The denoising network follows the standard UNet encoder-decoder structure:

Encoder (DownBlocks): 3 blocks with channels [32, 64, 128, 256], each containing ResNet layers, self-attention, and optional spatial downsampling
Bottleneck (MidBlocks): 2 blocks with channels [256, 256, 128] with ResNet + self-attention
Decoder (UpBlocks): 3 blocks mirroring the encoder with skip connections, ResNet layers, self-attention, and upsampling

Time conditioning: Sinusoidal positional embeddings encode the diffusion timestep, projected through an MLP and injected into every ResNet block.

Noise Scheduler

Uses a linear beta schedule from beta_start=0.0001 to beta_end=0.02 across 1000 timesteps.

add_noise(x0, noise, t) -- Forward process: x_t = sqrt(alpha_bar_t) * x_0 + sqrt(1 - alpha_bar_t) * noise
sample_prev_timestep(xt, noise_pred, t) -- Reverse step using the DDPM mean formula with posterior variance

Setup

Prerequisites

Python 3.9+
PyTorch 2.0+ (with CUDA or MPS support recommended)

Install Dependencies

conda env create -f environment.yml
conda activate ddpm

Prepare MNIST Data

Download the MNIST CSV files from Kaggle: MNIST in CSV
Create a data/ directory in the project root and place the downloaded CSV files there:

mkdir -p data
# Move the downloaded files into the data directory
mv /path/to/mnist_train.csv data/train.csv
mv /path/to/mnist_test.csv data/test.csv   # optional, not used for training

Your project should look like:

UnconditionalDDPM/
├── data/
│   └── train.csv       <-- required
├── configs/
├── models/
└── ...

The expected CSV format is:

label,1x1,1x2,...,28x28
7,0,0,...,0
2,0,0,...,255

First column is the digit label (unused for unconditional training), remaining 784 columns are pixel values (0-255) for a 28x28 image. The config at configs/config_mnist.py points to data/train.csv by default -- update csv_path there if your file is named differently.

Prepare CIFAR-10 Data

Download the CIFAR-10 images dataset from Kaggle: CIFAR-10 Images (or any source that provides CIFAR-10 as individual PNG files).
Place all training images (.png files) into a data/train/ directory in the project root:

mkdir -p data/train
# Move/copy all CIFAR-10 PNG images into data/train/
cp /path/to/cifar10-images/*.png data/train/

Your project should look like:

UnconditionalDDPM/
├── data/
│   └── train/
│       ├── 0.png
│       ├── 1.png
│       ├── 2.png
│       └── ...          <-- 32x32 RGB PNG images
├── configs/
├── models/
└── ...

The dataset loader reads every image file in the folder, converts it to RGB, and normalizes pixel values to [-1, 1]. The config at configs/config_cifar10.py points to data/train by default -- update folder_path there if your images are elsewhere.

Usage

Train

To train on a specific dataset, update the import in train.py to use the desired config and training module:

MNIST:

# train.py should import from configs.config_mnist and utils.mnist_training
python train.py

Trains the UNet for 40 epochs on 1000 randomly sampled images from the CSV. Checkpoints are saved to mnist/ddpm_ckpt.pth.

CIFAR-10:

# train.py should import from configs.config_cifar10 and utils.cifar10_training
python train.py

Trains the UNet for 20 epochs on 40,000 images from the image folder. Checkpoints are saved to cifar10/cifar10_ckpt.pth.

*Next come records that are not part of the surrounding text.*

lemma pangle_eq_pmod_if_cross2_eq_0:
  assumes "cross2 v (dirv y) = 0" "v \<noteq> 0"
  shows "pangle v = pmod y"
proof -
  obtain r where r: "r \<noteq> 0" "v = r *\<^sub>R dirv (pangle v)"
    using pangle(3)[OF assms(2)] by blast
  have "r * sin (y - pangle v) = 0"
    using assms(1) r(2) by (metis cross2_dirv cross2_scaleR(1))
  then obtain i :: int where "y = pangle v + of_int i * pi"
    using r(1) sin_zero_iff_int2 by (metis add_diff_cancel_left' diff_add_cancel mult_eq_0_iff)
  thus ?thesis
    using pmod_add_int_pi pmod_eq_self pangle(1,2)[OF assms(2)] by metis
qed

lemma phiA_pmod:
  assumes "det M \<noteq> 0"
  shows "phiA M (pmod x) = phiA M x"
proof -
  obtain s where s: "s = 1 \<or> s = -1" "dirv (pmod x) = s *\<^sub>R dirv x"
    using dirv_pmod by blast
  hence "M *v dirv (pmod x) = s *\<^sub>R (M *v dirv x)"
    by (simp add: matrix_vector_mult_scaleR)
  thus ?thesis
    unfolding phiA_def using s(1) pangle_scaleR matrix_vector_mult_neq_0[OF assms dirv_neq_0]
    by (metis zero_neq_neg_one zero_neq_one)
qed

lemma openin_circ_top: "openin circ_top S \<longleftrightarrow> S \<subseteq> {0..<pi} \<and> open {x. pmod x \<in> S}"
proof -
  have "istopology (\<lambda>S. S \<subseteq> {0..<pi} \<and> open {x. pmod x \<in> S})"
  proof -
    have "{x. pmod x \<in> S \<inter> T} = {x. pmod x \<in> S} \<inter> {x. pmod x \<in> T}" for S T
      by auto
    moreover have "{x. pmod x \<in> \<Union>KK} = (\<Union>K\<in>KK. {x. pmod x \<in> K})" for KK
      by auto
    ultimately show ?thesis
      unfolding istopology_def by auto
  qed
  thus ?thesis unfolding circ_top_def by simp
qed

lemma topspace_circ_top: "topspace circ_top = {0..<pi}"
proof -
  have "openin circ_top {0..<pi}"
    unfolding openin_circ_top using pmod_bounds by simp
  thus ?thesis
    using openin_circ_top openin_topspace openin_subset by blast
qed

lemma circ_top_closure_subset: "circ_top closure_of U \<subseteq> {0..<pi}"
  using closure_of_subset_topspace topspace_circ_top by metis

lemma subset_circ_top_closure: "U \<subseteq> {0..<pi} \<Longrightarrow> U \<subseteq> circ_top closure_of U"
  using closure_of_subset topspace_circ_top by metis

lemma closed_pmod_vimage_closure: "closed {x. pmod x \<in> circ_top closure_of U}"
proof -
  have "openin circ_top ({0..<pi} - circ_top closure_of U)"
    using closedin_closure_of[of circ_top U] by (simp add: closedin_def topspace_circ_top)
  hence "open {x. pmod x \<in> {0..<pi} - circ_top closure_of U}"
    unfolding openin_circ_top by blast
  moreover have "{x. pmod x \<in> {0..<pi} - circ_top closure_of U} = - {x. pmod x \<in> circ_top closure_of U}"
    using pmod_bounds by auto
  ultimately show ?thesis by (simp add: closed_def)
qed

section \<open>The derivative of the projective action\<close>

lemma pwrap_eq_self: "\<bar>t\<bar> < pi/2 \<Longrightarrow> pwrap t = t"
  unfolding pwrap_def by (simp add: round_unique' abs_divide field_simps)

lemma abs_pwrap_le: "\<bar>pwrap t\<bar> \<le> pi/2"
proof -
  have "\<bar>pwrap t\<bar> = \<bar>pi * (t/pi - of_int (round (t/pi)))\<bar>"
    unfolding pwrap_def by (simp add: right_diff_distrib)
  also have "\<dots> = pi * \<bar>of_int (round (t/pi)) - t/pi\<bar>"
    by (simp add: abs_mult abs_minus_commute)
  also have "\<dots> \<le> pi * (1/2)"
    by (intro mult_left_mono of_int_round_abs_le) simp
  finally show ?thesis by simp
qed

lemma pwrap_sin_cos: "\<exists>\<sigma>. (\<sigma> = 1 \<or> \<sigma> = -1) \<and> cos (pwrap t) = \<sigma> * cos t \<and> sin (pwrap t) = \<sigma> * sin t"
proof -
  obtain \<sigma> where "\<sigma> = 1 \<or> \<sigma> = -1" "dirv (pwrap t) = \<sigma> *\<^sub>R dirv t"
    unfolding pwrap_def using dirv_diff_int_pi by (metis mult.commute)
  thus ?thesis by (auto simp: vec2_eq_iff)
qed

lemma cderiv_eqI:
  assumes "((\<lambda>h. pwrap (f (x + h) - f x) / h) \<longlongrightarrow> D) (at 0)"
  shows "cderiv f x = D"
  unfolding cderiv_def using assms tendsto_unique[OF trivial_limit_at] by (intro the_equality) auto

lemma cderiv_id: "cderiv id x = 1"
proof (rule cderiv_eqI)
  have "eventually (\<lambda>h::real. \<bar>h\<bar> < pi/2 \<and> h \<noteq> 0) (at 0)"
    by (auto simp: eventually_at intro!: exI[of _ "pi/2"])
  hence "eventually (\<lambda>h. 1 = pwrap (id (x + h) - id x) / h) (at 0)"
    by eventually_elim (simp add: pwrap_eq_self)
  thus "((\<lambda>h. pwrap (id (x + h) - id x) / h) \<longlongrightarrow> 1) (at 0)"
    by (rule Lim_transform_eventually[rotated]) simp
qed

text \<open>For vectors at an acute angle the difference of their angles, wrapped into
  \<open>[-pi/2, pi/2]\<close>, has nonnegative cosine and is therefore recovered by \<open>arcsin\<close>.\<close>

lemma pwrap_pangle_diff:
  assumes "u0 \<noteq> 0" "u1 \<noteq> 0" "u1 \<bullet> u0 > 0"
  shows "pwrap (pangle u1 - pangle u0) = arcsin (cross2 u0 u1 / (norm u0 * norm u1))"
proof -
  obtain r0 r1 where r0: "r0 \<noteq> 0" "u0 = r0 *\<^sub>R dirv (pangle u0)"
    and r1: "r1 \<noteq> 0" "u1 = r1 *\<^sub>R dirv (pangle u1)"
    using pangle(3) assms(1,2) by metis
  define t where "t = pangle u1 - pangle u0"
  obtain \<sigma> where \<sigma>: "\<sigma> = 1 \<or> \<sigma> = -1" "cos (pwrap t) = \<sigma> * cos t" "sin (pwrap t) = \<sigma> * sin t"
    using pwrap_sin_cos by blast
  define \<rho> where "\<rho> = \<sigma> / (r0 * r1)"
  have inner_u: "u1 \<bullet> u0 = r1 * r0 * cos t"
    by (subst r0(2), subst r1(2)) (simp add: inner_dirv t_def)
  have cross_u: "cross2 u0 u1 = r0 * r1 * sin t"
    by (subst r0(2), subst r1(2)) (simp add: cross2_dirv t_def)
  have cos_d: "cos (pwrap t) = \<rho> * (u1 \<bullet> u0)" and sin_d: "sin (pwrap t) = \<rho> * cross2 u0 u1"
    unfolding \<sigma>(2,3) inner_u cross_u \<rho>_def using r0 r1 by (simp_all add: field_simps)
  have "cos (pwrap t) \<ge> 0"
    using abs_pwrap_le[of t] by (intro cos_ge_zero) auto
  hence "\<rho> \<ge> 0"
    using cos_d assms(3) by (simp add: zero_le_mult_iff)
  moreover have "norm u0 = \<bar>r0\<bar>" "norm u1 = \<bar>r1\<bar>"
    using r0(2) r1(2) by (metis norm_scaleR norm_dirv mult.right_neutral)+
  hence "\<bar>\<rho>\<bar> = 1 / (norm u0 * norm u1)"
    using \<sigma>(1) unfolding \<rho>_def by (auto simp: abs_mult)
  ultimately have \<rho>: "\<rho> = 1 / (norm u0 * norm u1)" by simp
  have "pwrap t = arcsin (sin (pwrap t))"
    using abs_pwrap_le[of t] by (intro arcsin_sin[symmetric]) auto
  also have "\<dots> = arcsin (cross2 u0 u1 / (norm u0 * norm u1))"
    unfolding sin_d \<rho> by simp
  finally show ?thesis unfolding t_def .
qed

Training progress is printed per epoch:

Epoch 1/40: 100%|██████████| 15/15 [00:05<00:00]
Finished epoch:1 | Loss : 0.8226
Finished epoch:2 | Loss : 0.5288
...
Done Training ...

Generate a Single Image

MNIST:

python sample_mnist.py

Generates one digit image by running the full 1000-step reverse diffusion from pure noise. Output saved to default/sample/generated_sample.png.

CIFAR-10:

python sample_cifar10.py

Generates one 32x32 RGB image via 1000-step reverse diffusion. Output saved to cifar10/sample/cifar10_sample.png.

Interactive Web App

python app.py

Opens a Gradio interface at http://127.0.0.1:7860 where you can:

Set a random seed (or -1 for random)
Generate a single digit and view the result
See the denoising progression as a horizontal strip (noise to clean image)

Configuration

Each dataset has its own config file under configs/.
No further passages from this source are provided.